Dataset records:
lemma integrable_pair_lborel_mult:
  fixes g :: "'a::euclidean_space \<Rightarrow> real" and h :: "'b::euclidean_space \<Rightarrow> real"
  assumes g: "integrable lborel g" and h: "integrable lborel h"
  shows "integrable (lborel \<Otimes>\<^sub>M lborel) (\<lambda>p. g (fst p) * h (snd p))"
proof (rule lborel_pair.Fubini_integrable)
  have [measurable]: "g \<in> borel_measurable borel" "h \<in> borel_measurable borel"
    using g h by (auto dest: borel_measurable_integrable)
  show "(\<lambda>p. g (fst p) * h (snd p)) \<in> borel_measurable (lborel \<Otimes>\<^sub>M lborel)"
    by measurable
  show "integrable lborel (\<lambda>x. \<integral>y. norm (g (fst (x, y)) * h (snd (x, y))) \<partial>lborel)"
    using g by (simp add: abs_mult)
qed (use h in simp)

lemma nn_integral_lborel_translate:
  fixes g :: "'a::euclidean_space \<Rightarrow> ennreal"
  assumes [measurable]: "g \<in> borel_measurable borel"
  shows "(\<integral>\<^sup>+ x. g (c + x) \<partial>lborel) = (\<integral>\<^sup>+ x. g x \<partial>lborel)"
  by (subst lborel_distr_plus[symmetric, of c]) (simp add: nn_integral_distr)

lemma iexp_diff: "iexp (a - b) = iexp a * iexp (- b)"
proof -
  have "iexp (a - b) = exp (\<i> * complex_of_real a + (- (\<i> * complex_of_real b)))"
    by (simp add: right_diff_distrib)
  then show ?thesis
    by (simp only: exp_add) simp
qed

lemma integral_gaussian_iexp_cnj_fourier:
  fixes f :: "'a::euclidean_space \<Rightarrow> complex"
  assumes f: "integrable lborel f" and \<sigma>: "0 < \<sigma>"
  shows "(\<integral>x. gaussian \<sigma> x *\<^sub>R (iexp (\<xi> \<bullet> x) * cnj (fourier f x)) \<partial>lborel)
           = (\<integral>\<eta>. cnj (f \<eta>) * complex_of_real (gaussian_hat \<sigma> (\<xi> - \<eta>)) \<partial>lborel)"
proof -
  have [measurable]: "f \<in> borel_measurable borel"
    using f by (auto dest: borel_measurable_integrable)
  then have [measurable]: "(\<lambda>\<eta>. cnj (f \<eta>)) \<in> borel_measurable borel"
    by (intro borel_measurable_continuous_on[OF continuous_on_cnj[OF continuous_on_id]])
  define H where "H = (\<lambda>x \<eta>. gaussian \<sigma> x *\<^sub>R (cnj (f \<eta>) * iexp (\<xi> \<bullet> x - \<eta> \<bullet> x)))"
  have H_int: "integrable (lborel \<Otimes>\<^sub>M lborel) (case_prod H)"
  proof (rule Bochner_Integration.integrable_bound
      [OF integrable_pair_lborel_mult[OF integrable_gaussian[OF \<sigma>] integrable_norm[OF f]]])
    show "case_prod H \<in> borel_measurable (lborel \<Otimes>\<^sub>M lborel)"
      unfolding H_def by measurable
  qed (auto simp: H_def norm_mult gaussian_nonneg)
  have "cnj (fourier f x) = (\<integral>\<eta>. cnj (f \<eta>) * iexp (- (\<eta> \<bullet> x)) \<partial>lborel)" for x
    unfolding fourier_def Bochner_Integration.integral_cnj[symmetric]
    by (simp add: exp_cnj del: Bochner_Integration.integral_cnj)
  moreover have "H x \<eta> = gaussian \<sigma> x *\<^sub>R (iexp (\<xi> \<bullet> x) * (cnj (f \<eta>) * iexp (- (\<eta> \<bullet> x))))"
    for x \<eta>
    unfolding H_def iexp_diff by (simp add: mult_ac)
  ultimately have "gaussian \<sigma> x *\<^sub>R (iexp (\<xi> \<bullet> x) * cnj (fourier f x)) = (\<integral>\<eta>. H x \<eta> \<partial>lborel)" for x
    by simp
  then have "(\<integral>x. gaussian \<sigma> x *\<^sub>R (iexp (\<xi> \<bullet> x) * cnj (fourier f x)) \<partial>lborel)
      = (\<integral>x. (\<integral>\<eta>. H x \<eta> \<partial>lborel) \<partial>lborel)"
    by simp
  also have "\<dots> = (\<integral>\<eta>. (\<integral>x. H x \<eta> \<partial>lborel) \<partial>lborel)"
    using lborel_pair.Fubini_integral[OF H_int] by simp
  also have "\<dots> = (\<integral>\<eta>. cnj (f \<eta>) * complex_of_real (gaussian_hat \<sigma> (\<xi> - \<eta>)) \<partial>lborel)"
    unfolding H_def
    by (simp add: scaleR_conv_of_real mult_ac integral_gaussian_iexp[OF \<sigma>, symmetric] inner_diff_left)
  finally show ?thesis .
qed

lemma
  fixes f :: "'a::euclidean_space \<Rightarrow> complex"
  assumes f: "integrable lborel f" and \<sigma>: "0 < \<sigma>"
  shows integrable_gaussian_hat_quadratic_form:
      "integrable lborel (\<lambda>\<xi>. f \<xi> * (\<integral>\<eta>. cnj (f \<eta>) * complex_of_real (gaussian_hat \<sigma> (\<xi> - \<eta>)) \<partial>lborel))"
    and integral_gaussian_norm_fourier_sq:
      "complex_of_real (\<integral>x. gaussian \<sigma> x * (cmod (fourier f x))\<^sup>2 \<partial>lborel)
         = (\<integral>\<xi>. f \<xi> * (\<integral>\<eta>. cnj (f \<eta>) * complex_of_real (gaussian_hat \<sigma> (\<xi> - \<eta>)) \<partial>lborel) \<partial>lborel)"
proof -
  have [measurable]: "f \<in> borel_measurable borel"
    using f by (auto dest: borel_measurable_integrable)
  then have [measurable]: "(\<lambda>x. cnj (fourier f x)) \<in> borel_measurable borel"
    by (intro borel_measurable_continuous_on[OF continuous_on_cnj[OF continuous_on_id]]) measurable
  define N where "N = (\<integral>\<xi>. cmod (f \<xi>) \<partial>lborel)"
  have fourier_le: "cmod (fourier f x) \<le> N" for x
    unfolding N_def by (rule norm_fourier_le[OF f])
  define G where "G = (\<lambda>x \<xi>. gaussian \<sigma> x *\<^sub>R (f \<xi> * iexp (\<xi> \<bullet> x) * cnj (fourier f x)))"
  have G_int: "integrable (lborel \<Otimes>\<^sub>M lborel) (case_prod G)"
  proof (rule Bochner_Integration.integrable_bound)
    show "integrable (lborel \<Otimes>\<^sub>M lborel) (\<lambda>p::'a \<times> 'a. N * gaussian \<sigma> (fst p) * cmod (f (snd p)))"
      using integrable_pair_lborel_mult[OF integrable_mult_right[OF integrable_gaussian[OF \<sigma>]]
          integrable_norm[OF f], of N]
      by (simp add: mult.assoc)
    show "case_prod G \<in> borel_measurable (lborel \<Otimes>\<^sub>M lborel)"
      unfolding G_def by measurable
    have "norm (G x \<xi>) \<le> N * gaussian \<sigma> x * cmod (f \<xi>)" for x \<xi>
    proof -
      have "norm (G x \<xi>) = (gaussian \<sigma> x * cmod (f \<xi>)) * cmod (fourier f x)"
        by (simp add: G_def norm_mult gaussian_nonneg)
      also have "\<dots> \<le> (gaussian \<sigma> x * cmod (f \<xi>)) * N"
        by (intro mult_left_mono fourier_le) (simp add: gaussian_nonneg)
      finally show ?thesis
        by (simp add: mult_ac)
    qed
    then show "AE p in lborel \<Otimes>\<^sub>M lborel. norm (case_prod G p) \<le> norm (N * gaussian \<sigma> (fst p) * cmod (f (snd p)))"
      by (intro AE_I2) (auto intro: order_trans[OF _ abs_ge_self])
  qed
  have G_x: "(\<integral>\<xi>. G x \<xi> \<partial>lborel) = complex_of_real (gaussian \<sigma> x * (cmod (fourier f x))\<^sup>2)" for x
    by (simp add: G_def fourier_def[symmetric] complex_norm_square[symmetric] scaleR_conv_of_real)
  have G_\<xi>: "(\<integral>x. G x \<xi> \<partial>lborel)
      = f \<xi> * (\<integral>\<eta>. cnj (f \<eta>) * complex_of_real (gaussian_hat \<sigma> (\<xi> - \<eta>)) \<partial>lborel)" for \<xi>
    using integral_gaussian_iexp_cnj_fourier[OF f \<sigma>, of \<xi>, symmetric]
    by (simp add: G_def scaleR_conv_of_real mult_ac)
  show "integrable lborel (\<lambda>\<xi>. f \<xi> * (\<integral>\<eta>. cnj (f \<eta>) * complex_of_real (gaussian_hat \<sigma> (\<xi> - \<eta>)) \<partial>lborel))"
    using lborel_pair.integrable_snd[OF G_int] by (simp add: G_\<xi>)
  have "complex_of_real (\<integral>x. gaussian \<sigma> x * (cmod (fourier f x))\<^sup>2 \<partial>lborel) = (\<integral>x. (\<integral>\<xi>. G x \<xi> \<partial>lborel) \<partial>lborel)"
    by (simp only: G_x integral_complex_of_real)
  also have "\<dots> = (\<integral>\<xi>. (\<integral>x. G x \<xi> \<partial>lborel) \<partial>lborel)"
    using lborel_pair.Fubini_integral[OF G_int] by simp
  finally show "complex_of_real (\<integral>x. gaussian \<sigma> x * (cmod (fourier f x))\<^sup>2 \<partial>lborel)
      = (\<integral>\<xi>. f \<xi> * (\<integral>\<eta>. cnj (f \<eta>) * complex_of_real (gaussian_hat \<sigma> (\<xi> - \<eta>)) \<partial>lborel) \<partial>lborel)"
    by (simp add: G_\<xi>)
qed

Instructions to follow:
Look above for the line containing "(fourier f x) \<le>" and the line containing "proof (rule Bochner_Integration.integrable_bound)". Transcribe both, with the lines between them, exactly.

Answer section:
  have fourier_le: "cmod (fourier f x) \<le> N" for x
    unfolding N_def by (rule norm_fourier_le[OF f])
  define G where "G = (\<lambda>x \<xi>. gaussian \<sigma> x *\<^sub>R (f \<xi> * iexp (\<xi> \<bullet> x) * cnj (fourier f x)))"
  have G_int: "integrable (lborel \<Otimes>\<^sub>M lborel) (case_prod G)"
  proof (rule Bochner_Integration.integrable_bound)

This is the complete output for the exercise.